When a sequence alignment and one or more structures are opened in Chimera (in any order), a structure chain will be associated automatically with a sequence in the alignment if their sequences can be aligned without too many mismatches (details...). Associations can be changed or added if the automated procedure does not give the desired result. However, when the sequence of a structure in Chimera is shown individually via the Sequence tool, the sequence and the corresponding structure chain are associated and cannot be dissociated.

The names of structure-associated sequences are shown in bold over a box indicating the model-level color of the structure. For example, APE_HUMAN in the sequence window figure is associated with a structure whose model-level color is tan. If multiple models are associated with the same sequence, the box is shown as a dark green dashed outline.

Association enables several types of sequence-structure crosstalk:

When the current selection includes one or more sequence-associated residues, Structure... Expand Selection to Columns will expand the selection to include all residues associated with the same column(s) of the sequence alignment. This can be reversed with Select... Undo in the main Chimera menu.

The allowable number of mismatches for automatic association is user-specified as a proportion of the total number of residues in the structure chain (1/10 by default; see the Structure preferences). For automatic association, gaps in the structure sequence relative to the sequence in the alignment file can only occur where residues are missing from the structure (for example, a flexible loop with insufficient density for coordinates to be determined). The order in which the sequence and structure files are opened does not matter. Associations are reported in the status area near the bottom of the sequence window and the Chimera Reply Log. A structure (even if it has multiple chains) cannot be associated with more than one sequence, but a single sequence can be associated with more than one structure. If more than one sequence matches a given structure chain, the single best-matching sequence is associated.

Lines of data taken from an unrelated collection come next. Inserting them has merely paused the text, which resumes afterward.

lemma low_generated_std_word: "wgrade (std_word v) = ge \<Longrightarrow> low_generated_std v"
proof (induction "deg v" arbitrary: v rule: less_induct)
  case less
  have IH: "\<And>v'. deg v' < deg v \<Longrightarrow> wgrade (std_word v') = ge \<Longrightarrow> low_generated_std v'"
    using less.hyps by blast
  consider "deg v \<le> 14" | m where "m \<in> {mX, mY, mZ}" "m \<le> v"
    | t where "(if t \<in> {X1, X2} then 6 else 5) \<le> v t"
    using degree_cases by blast
  then show ?case
  proof cases
    case 1
    then show ?thesis
      using less.prems by (simp add: low_generated_reynolds_mon_low length_std_word)
  next
    case (2 m)
    then show ?thesis
      using low_generated_split_balanced[OF IH less.prems] by blast
  next
    case (3 t)
    then show ?thesis
      using low_generated_split_power[OF IH less.prems] by blast
  qed
qed

lemma low_generated_reynolds_mon: "wgrade w = ge \<Longrightarrow> low_generated (reynolds (mon w))"
proof -
  assume w: "wgrade w = ge"
  obtain v where assoc: "word_assoc rels w (std_word v)"
    using word_assoc_std_word by blast
  with w have "wgrade (std_word v) = ge"
    by (simp add: word_assoc_def)
  then show ?thesis
    by (rule low_generated_reynolds_assoc[OF assoc low_generated_std_word])
qed

lemma low_generated_reynolds_unit_grade:
  "F \<in> FA \<Longrightarrow> (\<forall>w. F w \<noteq> 0 \<longrightarrow> wgrade w = ge) \<Longrightarrow> low_generated (reynolds F)"
proof (induction rule: FA_induct)
  case zero
  show ?case by (simp add: low_generated_zero)
next
  case (step g w c)
  then have "wgrade w = ge" and "\<forall>x. g x \<noteq> 0 \<longrightarrow> wgrade x = ge"
    by (auto simp: padd_def psmul_def mon_def split: if_splits)
  with step show ?case
    by (simp add: reynolds_padd reynolds_psmul low_generated_padd low_generated_psmul
        low_generated_reynolds_mon)
qed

Sequence-structure association may create new regions. If all residues of a sequence are matched, no region is created. Otherwise, regions are created containing the matched segment(s), any mismatches, and any gaps in the structure relative to the sequence. The region names report the associated structure chain and the number of gaps or mismatches. The initial colors and display status (shown or hidden) of these regions can be controlled in the Regions preferences.

Changing Associations

Associations can be changed or added using the Structure/Sequence Associations panel (Structure... Associations in the Multalign Viewer menu). The panel lists the molecule models open in Chimera. An association is specified by choosing a chain (if the model has more than one chain) and the name of the sequence to associate with that chain. The choices for association include the sequences in the alignment displayed by Multalign Viewer and none. When the setting is none, there is an option to associate with best match, i.e. to compare the structure chain with all of the sequences in the alignment and associate it with the one that yields the fewest mismatches.

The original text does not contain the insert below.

(* Let $m,n\ge0$ be integers and $\Gamma={\rm SR}(m,n)$. (i) Any two adjacent vertices $u,v$ uniquely determine three cliques $C_1,C_2,C_3$, where $C_i$ is the unique largest clique of type $i$ containing $u$ and $v$, such that $C_i\cap C_j=\{u,v\}$ for distinct $i,j\in\{1,2,3\}$, and $C_1\cup C_2\cup C_3$ contains all common neighbours of $u$ and $v$. (ii) Fix a vertex $u$ and let $U$ be its set of neighbours. For each $i\in\{1,2,3\}$, the maximal cliques of type $i$ containing $u$, with $u$ removed, form a partition of $U$. Each edge of the subgraph induced on $U$ is contained in a unique such clique (among all three types), and hence has a unique type. (iii) $\Gamma$ does not contain an induced subgraph isomorphic to the complete tripartite graph $K_{1,1,4}$.
   Context: $\mathbb{N}=\{0,1,2,\dots\}$; $e_i$ is the $i$-th standard unit vector. ${\rm SR}(m,n)$ has as vertices the vectors in $\mathbb{N}^m$ with coordinate sum $n$, two being adjacent when they differ in precisely two coordinates. Every clique is of (at least) one of three types: type 1: all pairs of distinct vertices in the clique differ exactly in coordinates $j,k$ for one fixed pair $j\ne k$; type 2: the clique is $\{x+ae_i: i\in I\}$ with $1\le a\le n$, $x\in\mathbb{N}^m$ of coordinate sum $n-a$, $I\subseteq\{1,\dots,m\}$; type 3: the clique is $\{x-ae_i:i\in I\}$ with $a\ge1$, $x\in\mathbb{N}^m$ of coordinate sum $n+a$, $I\subseteq\{1,\dots,m\}$, $x_i\ge a$ for $i\in I$. *)

theory Defs
  imports Main
begin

Associations will be made as specified, no matter how inappropriate. Apply performs the associations without dismissing the panel, while OK performs the associations and dismisses the panel. Close dismisses the panel without changing the associations. Help opens this manual page in a browser window.

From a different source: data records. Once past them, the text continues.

(* Let $\Lambda:\{-1,1\}^k\to\{0,1\}$ be a predicate, $c\in\mathbb R$, let $\mathcal I^*$ be an instance of $\mathrm{CSP}(\Lambda)$ on $n$ variables with $\mathrm{opt}(\mathcal I^* )=s$, let $f(x)=c-\mathcal I^*(x)$, and let $g:[q]\times[q]\to\{-1,1\}$. Then $M^g_f$ is a submatrix of $\mathcal M_{q\cdot n,s}$ in the following sense: there exist maps $y\mapsto\mathcal I_y$ from $[q]^n$ to $\Lambda^s_{qn}$ and $x\mapsto\tilde x$ from $[q]^n$ to $\{-1,1\}^{qn}$ such that $\mathcal M_{q\cdot n,s}(\mathcal I_y,\tilde x)=M^g_f(x,y)$ for all $x,y\in[q]^n$.
   Context: An instance $\mathcal I$ of $\mathrm{CSP}(\Lambda)$ on $N$ variables is a list of constraints, each a $k$-tuple of literals over the variables; $\mathcal I(x)$ is the fraction of constraints satisfied by $x\in\{-1,1\}^N$ and $\mathrm{opt}(\mathcal I)=\max_x\mathcal I(x)$. $\Lambda^s_N$ denotes the family of all instances of $\mathrm{CSP}(\Lambda)$ on $N$ variables with $\mathrm{opt}(\mathcal I)\le s$, and $\mathcal M_{N,s}:\Lambda^s_N\times\{-1,1\}^N\to\mathbb R$ is the matrix $\mathcal M_{N,s}(\mathcal I,x)=c-\mathcal I(x)$. For $f:\{-1,1\}^n\to\mathbb R$, $M^g_f$ is the $[q]^n\times[q]^n$ matrix with $M^g_f(x,y)=f(g(x_1,y_1),\dots,g(x_n,y_n))$. *)

theory Defs
  imports Main Complex_Main
begin

text \<open>Variables are indexed 0..N-1. A sign vector in {-1,1}^N is a
function nat => int with values in {-1,1} on indices below N and 0 elsewhere. The predicate Lambda is a function on int lists
(only applied to lists of length k with entries in {-1,1}), bool-valued ({0,1}).
[q] = {0..<q}; [q]^n are functions nat => nat with values below q on indices below n
and 0 elsewhere.\<close>

type_synonym literal = "nat \<times> int"
type_synonym constraint = "literal list"
type_synonym csp_inst = "constraint list"

definition pm_vecs :: "nat \<Rightarrow> (nat \<Rightarrow> int) set" where
  "pm_vecs N = {x. (\<forall>i<N. x i \<in> {-1, 1}) \<and> (\<forall>i\<ge>N. x i = 0)}"

definition q_vecs :: "nat \<Rightarrow> nat \<Rightarrow> (nat \<Rightarrow> nat) set" where
  "q_vecs q n = {x. (\<forall>i<n. x i < q) \<and> (\<forall>i\<ge>n. x i = 0)}"

definition is_instance :: "nat \<Rightarrow> nat \<Rightarrow> csp_inst \<Rightarrow> bool" where
  "is_instance k N I \<longleftrightarrow> I \<noteq> [] \<and>
     (\<forall>C\<in>set I. length C = k \<and> (\<forall>(i, \<sigma>)\<in>set C. i < N \<and> \<sigma> \<in> {-1, 1}))"

definition sat :: "(int list \<Rightarrow> bool) \<Rightarrow> constraint \<Rightarrow> (nat \<Rightarrow> int) \<Rightarrow> bool" where
  "sat \<Lambda> C x \<longleftrightarrow> \<Lambda> (map (\<lambda>(i, \<sigma>). \<sigma> * x i) C)"

definition inst_val :: "(int list \<Rightarrow> bool) \<Rightarrow> csp_inst \<Rightarrow> (nat \<Rightarrow> int) \<Rightarrow> real" where
  "inst_val \<Lambda> I x = real (length (filter (\<lambda>C. sat \<Lambda> C x) I)) / real (length I)"

definition opt :: "(int list \<Rightarrow> bool) \<Rightarrow> nat \<Rightarrow> csp_inst \<Rightarrow> real" where
  "opt \<Lambda> N I = Max (inst_val \<Lambda> I ` pm_vecs N)"

definition Lambda_s :: "(int list \<Rightarrow> bool) \<Rightarrow> nat \<Rightarrow> real \<Rightarrow> nat \<Rightarrow> csp_inst set" where
  "Lambda_s \<Lambda> k s N = {I. is_instance k N I \<and> opt \<Lambda> N I \<le> s}"

text \<open>The matrix M_{N,s}(I, x) = c - I(x) (rows restricted to Lambda_s, columns to pm_vecs N).\<close>
definition Mmat :: "(int list \<Rightarrow> bool) \<Rightarrow> real \<Rightarrow> csp_inst \<Rightarrow> (nat \<Rightarrow> int) \<Rightarrow> real" where
  "Mmat \<Lambda> c I x = c - inst_val \<Lambda> I x"

definition Mgf :: "(nat \<Rightarrow> nat \<Rightarrow> int) \<Rightarrow> ((nat \<Rightarrow> int) \<Rightarrow> real) \<Rightarrow> nat
                   \<Rightarrow> (nat \<Rightarrow> nat) \<Rightarrow> (nat \<Rightarrow> nat) \<Rightarrow> real" where
  "Mgf g f n x y = f (\<lambda>i. if i < n then g (x i) (y i) else 0)"

end

theory Submission
  imports Defs "HOL-Library.FuncSet"
begin

text \<open>Replace each variable \<open>i\<close> of \<open>I*\<close> by \<open>q\<close> copies \<open>(i, b)\<close>, encoded as
\<open>i * q + b\<close>. The instance \<open>I_y\<close> is \<open>I*\<close> with every occurrence of \<open>i\<close> renamed to the
copy \<open>(i, y i)\<close>, and \<open>x~\<close> assigns \<open>g (x i) b\<close> to the copy \<open>(i, b)\<close>; hence
\<open>I_y(x~) = I*(g(x, y))\<close>. Any assignment to \<open>I_y\<close> is read only on the copies
\<open>(i, y i)\<close>, so it is an assignment to \<open>I*\<close> in disguise and \<open>opt I_y \<le> opt I* = s\<close>.\<close>

lemma finite_pm_vecs: "finite (pm_vecs N)"
proof -
  let ?ext = "\<lambda>f i. if i < N then f i else 0"
  have "pm_vecs N \<subseteq> ?ext ` PiE {..<N} (\<lambda>_. {-1, 1 :: int})"
  proof
    fix x assume x: "x \<in> pm_vecs N"
    then have "restrict x {..<N} \<in> PiE {..<N} (\<lambda>_. {-1, 1})"
      and "x = ?ext (restrict x {..<N})"
      by (auto simp: pm_vecs_def)
    then show "x \<in> ?ext ` PiE {..<N} (\<lambda>_. {-1, 1})" by blast
  qed
  moreover have "finite (PiE {..<N} (\<lambda>_. {-1, 1 :: int}))" by (rule finite_PiE) auto
  ultimately show ?thesis using finite_surj by blast
qed

lemma pm_vecs_nonempty: "pm_vecs N \<noteq> {}"
proof -
  have "(\<lambda>i. if i < N then 1 else 0) \<in> pm_vecs N" by (auto simp: pm_vecs_def)
  then show ?thesis by blast
qed

lemma inst_val_le_opt: "w \<in> pm_vecs N \<Longrightarrow> inst_val \<Lambda> I w \<le> opt \<Lambda> N I"
  unfolding opt_def using finite_pm_vecs by (intro Max_ge) auto

lemma opt_le:
  assumes "\<And>w. w \<in> pm_vecs N \<Longrightarrow> inst_val \<Lambda> I w \<le> s"
  shows "opt \<Lambda> N I \<le> s"
  unfolding opt_def using assms finite_pm_vecs pm_vecs_nonempty by (subst Max_le_iff) auto

lemma sat_cong:
  assumes "\<And>i \<sigma>. (i, \<sigma>) \<in> set C \<Longrightarrow> z i = z' i"
  shows "sat \<Lambda> C z = sat \<Lambda> C z'"
  unfolding sat_def using assms by (auto intro!: arg_cong[where f = \<Lambda>])

lemma inst_val_cong:
  assumes "\<And>C i \<sigma>. C \<in> set I \<Longrightarrow> (i, \<sigma>) \<in> set C \<Longrightarrow> z i = z' i"
  shows "inst_val \<Lambda> I z = inst_val \<Lambda> I z'"
proof -
  have "filter (\<lambda>C. sat \<Lambda> C z) I = filter (\<lambda>C. sat \<Lambda> C z') I"
    using assms by (intro filter_cong sat_cong) blast+
  then show ?thesis by (simp add: inst_val_def)
qed

lemma sat_rename: "sat \<Lambda> (map (\<lambda>(i, \<sigma>). (h i, \<sigma>)) C) w = sat \<Lambda> C (w \<circ> h)"
proof -
  have "map (\<lambda>(i, \<sigma>). \<sigma> * w i) (map (\<lambda>(i, \<sigma>). (h i, \<sigma>)) C)
          = map (\<lambda>(i, \<sigma>). \<sigma> * (w \<circ> h) i) C"
    by auto
  then show ?thesis unfolding sat_def by (rule arg_cong)
qed

lemma inst_val_rename:
  "inst_val \<Lambda> (map (map (\<lambda>(i, \<sigma>). (h i, \<sigma>))) I) w = inst_val \<Lambda> I (w \<circ> h)"
  by (simp add: inst_val_def filter_map comp_def sat_rename)

lemma block_index_less: "(i :: nat) < n \<Longrightarrow> b < q \<Longrightarrow> i * q + b < q * n"
proof -
  assume "i < n" "b < q"
  then have "i * q + b < (i + 1) * q" by simp
  also have "\<dots> \<le> n * q" using \<open>i < n\<close> by (intro mult_right_mono) auto
  finally show ?thesis by (simp add: mult.commute)
qed

definition lift_inst :: "nat \<Rightarrow> (nat \<Rightarrow> nat) \<Rightarrow> csp_inst \<Rightarrow> csp_inst" where
  "lift_inst q y I = map (map (\<lambda>(i, \<sigma>). (i * q + y i, \<sigma>))) I"

definition lift_assign :: "(nat \<Rightarrow> nat \<Rightarrow> int) \<Rightarrow> nat \<Rightarrow> nat \<Rightarrow> (nat \<Rightarrow> nat) \<Rightarrow> nat \<Rightarrow> int" where
  "lift_assign g q n x = (\<lambda>j. if j < q * n then g (x (j div q)) (j mod q) else 0)"

lemma is_instance_lift_inst:
  assumes "is_instance k n I" and "y \<in> q_vecs q n"
  shows "is_instance k (q * n) (lift_inst q y I)"
  using assms unfolding is_instance_def lift_inst_def q_vecs_def
  by (fastforce intro: block_index_less)

lemma opt_lift_inst_le:
  assumes I: "is_instance k n I" and y: "y \<in> q_vecs q n"
  shows "opt \<Lambda> (q * n) (lift_inst q y I) \<le> opt \<Lambda> n I"
proof (rule opt_le)
  fix w assume w: "w \<in> pm_vecs (q * n)"
  define w' where "w' = (\<lambda>i. if i < n then w (i * q + y i) else 0)"
  have "w' \<in> pm_vecs n"
    using w y block_index_less unfolding w'_def pm_vecs_def q_vecs_def by auto
  have "inst_val \<Lambda> (lift_inst q y I) w = inst_val \<Lambda> I (\<lambda>i. w (i * q + y i))"
    by (simp add: lift_inst_def inst_val_rename comp_def)
  also have "\<dots> = inst_val \<Lambda> I w'"
    using I by (intro inst_val_cong) (fastforce simp: w'_def is_instance_def)
  also have "\<dots> \<le> opt \<Lambda> n I"
    using \<open>w' \<in> pm_vecs n\<close> by (rule inst_val_le_opt)
  finally show "inst_val \<Lambda> (lift_inst q y I) w \<le> opt \<Lambda> n I" .
qed

lemma lift_assign_in_pm_vecs:
  assumes x: "x \<in> q_vecs q n" and g: "\<forall>a<q. \<forall>b<q. g a b \<in> {-1, 1}"
  shows "lift_assign g q n x \<in> pm_vecs (q * n)"
proof -
  have "g (x (j div q)) (j mod q) \<in> {-1, 1}" if j: "j < q * n" for j
  proof -
    have "q > 0" using j by (cases q) auto
    then have "j div q < n" using j by (simp add: div_less_iff_less_mult mult.commute)
    then have "x (j div q) < q" using x by (auto simp: q_vecs_def)
    then show ?thesis using g \<open>q > 0\<close> by simp
  qed
  then show ?thesis by (auto simp: pm_vecs_def lift_assign_def)
qed

lemma inst_val_lift:
  assumes I: "is_instance k n I" and y: "y \<in> q_vecs q n"
  shows "inst_val \<Lambda> (lift_inst q y I) (lift_assign g q n x)
           = inst_val \<Lambda> I (\<lambda>i. if i < n then g (x i) (y i) else 0)"
proof -
  have copy: "lift_assign g q n x (i * q + y i) = g (x i) (y i)" if "i < n" for i
  proof -
    have "y i < q" using y that by (auto simp: q_vecs_def)
    then show ?thesis using block_index_less[OF that] by (simp add: lift_assign_def)
  qed
  have "inst_val \<Lambda> (lift_inst q y I) (lift_assign g q n x)
          = inst_val \<Lambda> I (\<lambda>i. lift_assign g q n x (i * q + y i))"
    by (simp add: lift_inst_def inst_val_rename comp_def)
  also have "\<dots> = inst_val \<Lambda> I (\<lambda>i. if i < n then g (x i) (y i) else 0)"
    using I by (intro inst_val_cong) (fastforce simp: copy is_instance_def)
  finally show ?thesis .
qed

theorem lemma7p3:
  fixes \<Lambda> :: "int list \<Rightarrow> bool" and k n q :: nat and c s :: real
    and Istar :: csp_inst and g :: "nat \<Rightarrow> nat \<Rightarrow> int"
  assumes "is_instance k n Istar"
    and "opt \<Lambda> n Istar = s"
    and "\<forall>a<q. \<forall>b<q. g a b \<in> {-1, 1}"
  shows "\<exists>Iy xt.
           (\<forall>y\<in>q_vecs q n. Iy y \<in> Lambda_s \<Lambda> k s (q * n)) \<and>
           (\<forall>x\<in>q_vecs q n. xt x \<in> pm_vecs (q * n)) \<and>
           (\<forall>x\<in>q_vecs q n. \<forall>y\<in>q_vecs q n.
              Mmat \<Lambda> c (Iy y) (xt x) = Mgf g (\<lambda>z. c - inst_val \<Lambda> Istar z) n x y)"
proof (intro exI conjI ballI)
  fix y assume "y \<in> q_vecs q n"
  then show "lift_inst q y Istar \<in> Lambda_s \<Lambda> k s (q * n)"
    using assms(1,2) is_instance_lift_inst opt_lift_inst_le by (fastforce simp: Lambda_s_def)
next
  fix x assume "x \<in> q_vecs q n"
  then show "lift_assign g q n x \<in> pm_vecs (q * n)"
    using assms(3) by (rule lift_assign_in_pm_vecs)
next
  fix x y assume "y \<in> q_vecs q n"
  then show "Mmat \<Lambda> c (lift_inst q y Istar) (lift_assign g q n x)
               = Mgf g (\<lambda>z. c - inst_val \<Lambda> Istar z) n x y"
    using assms(1) by (simp add: Mmat_def Mgf_def inst_val_lift)
qed

end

Automatic Structure Loading

Structure... Load Structures in the Multalign Viewer menu can be used to open structure files corresponding to sequences that are not already structure-associated. The corresponding structure files are determined from the sequence names using the rules given in the Structure preferences, then retrieved and opened (as described for Fetch by ID). If Automatically load Structures is turned on (also in the Structure preferences), this will occur as soon as an alignment is read.

SECONDARY STRUCTURE

In sequences associated with structures, regions named structure helices (pale yellow with gold outline) and structure strands (pale green with darker outline) can be shown/hidden with the Multalign Viewer menu setting Structure... Secondary Structure... show actual. This setting is initially turned on for individual sequences displayed with the Sequence tool.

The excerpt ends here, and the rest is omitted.